Allscott master plan

  • The Maxell Site: I’m sure it suits the developer to refer to this as the Maxell site, as it emphases the fact it’s a brownfield site, but there’s going to be an awful lot of turf going under the digger as well on this site. Building here makes sense, but the scale – 600 homes, even greater than the 550 outlined in the council’s recent Shaping Places document – comes across as greedy. Anyway, assuming it goes ahead, how should THIS development look and feel compared to the others? Well, it won’t be surrounded by open fields like ‘Allscott Green’, so we shouldn’t conceive of this as a modern village, and it won’t be augmenting an edge-of-town suburb as ‘Haygate Park’ will do. The context here is slightly different – existing Apley housing to the south, near the woods, and to the east beyond the pool will now appear as the leafy, low-density fringes of a large ‘central Apley’ framed by the Queensway and Whitchurch Road.

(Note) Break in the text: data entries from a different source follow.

(* Assume that $a(\cdot)\in B^q_\theta$ for $0<\theta\leq\frac{\pi}{2}$ and let $F\in\mathcal{L}(D(\mathbb{A}),X)$ be $p$-admissible for $\mathbb{A}$, with admissibility constant $\gamma=\gamma(\alpha)$, i.e. $\int_0^\alpha\|F\mathbb{T}(t)x\|^p\,dt\le\gamma^p\|x\|^p$ for $x\in D(\mathbb{A})$. Then \begin{align*} \int^\alpha_0 \left\|\mathscr{P}\mathscr{T}(t)\begin{pmatrix} x\\ f\end{pmatrix}\right\|^p dt\le 2^{p-1}\left( \|a\|_{B_{\theta}^q}^p\gamma^p \|x\|^p_X+\int^\alpha_0\|f(t)\|^p dt\right) \end{align*} for all $\alpha>0$ and $\begin{pmatrix} x\\ f\end{pmatrix}\in D(\mathscr{A})$.
   Context: $X$ is a Banach space, $p\in(1,\infty)$, $q\in(1,\infty)$, and $\mathbb{A}:D(\mathbb{A})\subset X\to X$ generates a $C_0$-semigroup $\mathbb{T}=(\mathbb{T}(t))_{t\ge0}$ on $X$; $a$ is a scalar function. For $0<\theta\le\pi/2$, $\Sigma_\theta=\{\lambda\in\mathbb{C}:|\arg\lambda|<\theta\}$ and $B^q_{\theta,X}$ is the Bergman space of holomorphic $f:\Sigma_\theta\to X$ with $\|f\|_{B^q_{\theta,X}}=(\int_{\Sigma_\theta}\|f(\tau+i\sigma)\|_X^q\,d\tau\,d\sigma)^{1/q}<\infty$; $B^q_\theta:=B^q_{\theta,\mathbb{C}}$. The state space is $\mathscr{X}^q=X\times B^q_{\theta,X}$ with norm $\|x\|_X+\|f\|_{B^q_{\theta,X}}$. $\Upsilon x:=a(\cdot)Fx$ for $x\in D(\mathbb{A})$. $\mathscr{A}=\mathrm{diag}(\mathbb{A},\frac{d}{dz})$ with $D(\mathscr{A})=D(\mathbb{A})\times D(\frac{d}{dz})$, generating $\mathscr{T}(t)=\mathrm{diag}(\mathbb{T}(t),\mathbb{S}(t))$ where $(\mathbb{S}(t)f)(s)=f(t+s)$ is the left shift semigroup; $\mathscr{P}=\begin{pmatrix}0&\delta_0\\ \Upsilon&0\end{pmatrix}$ with $D(\mathscr{P})=D(\mathscr{A})$, $\delta_0 f=f(0)$. *)

theory Defs
  imports "HOL-Analysis.Analysis"
begin

class complex_normed_space = real_normed_vector +
  fixes scaleC :: "complex \<Rightarrow> 'a \<Rightarrow> 'a" (infixr "*\<^sub>C" 75)
  assumes scaleC_add_right: "scaleC c (x + y) = scaleC c x + scaleC c y"
    and scaleC_add_left: "scaleC (c + d) x = scaleC c x + scaleC d x"
    and scaleC_scaleC: "scaleC c (scaleC d x) = scaleC (c * d) x"
    and scaleC_one: "scaleC 1 x = x"
    and scaleC_of_real: "scaleC (complex_of_real r) x = r *\<^sub>R x"
    and norm_scaleC: "norm (scaleC c x) = cmod c * norm x"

With the most obvious names already taken – Apley Castle, Apley Park, Apley Gardens – maybe the developers will go for something solid and respectable like ‘Apley Square’.

Apley masterplan

Here at ‘Apley Square’, we should look to something like the Lawley scheme as a good template – something which allows for high densities but executed in such a variety and a detail as to forge some sense of character. It will also create an opportunity to overcome Apley’s current weak spot – that it’s all about houses with none of the additions  That’s not to say the locals don’t have a sense of community or fellowship – they may well do (not least that forged by opposition to more housing development) but so far they haven’t been afforded many facilities for actually getting together as a community. So yes, I hope that developers are encouraged to reduce the sheer volume of houses on this site, but I also hope they do give the whole Apley area some of those things it’s always lacked – those tangible, physical spaces that make a place whole – i.e. a shop, a pub, a community hall. Apley as a low density executive dormitory perhaps hasn’t missed these things in the past, but Apley as a big new neighbourhood would be short changed without them.

Creative communities

And finally, with all these new developments, let’s be creative. Before the builders arrive on site, we have a time-limited opportunity to design in some little extras to make these housing developments look and feel different to the bog-standard ordinary. At Apley Square, let’s set out a cycle route that encourages these thousands of new residents to cycle up the road into Wellington. At Haygate Park, let’s plant wildflowers in the verges and build neat picket fences in different colours. And at Allscott Green, where allotments are already factored into the scheme, let’s riff on that growing theme and make this an edible village, with orchards in the green corridors, herbs in the verges and bee hives on the school roof.

Over to you

Those are just my ideas, but what does everyone else think? And how can they get round the table with developers to ensure that we don’t just witness the construction of vast new housing estates in the years ahead, but that we genuinely shape happy, cohesive communities in the process.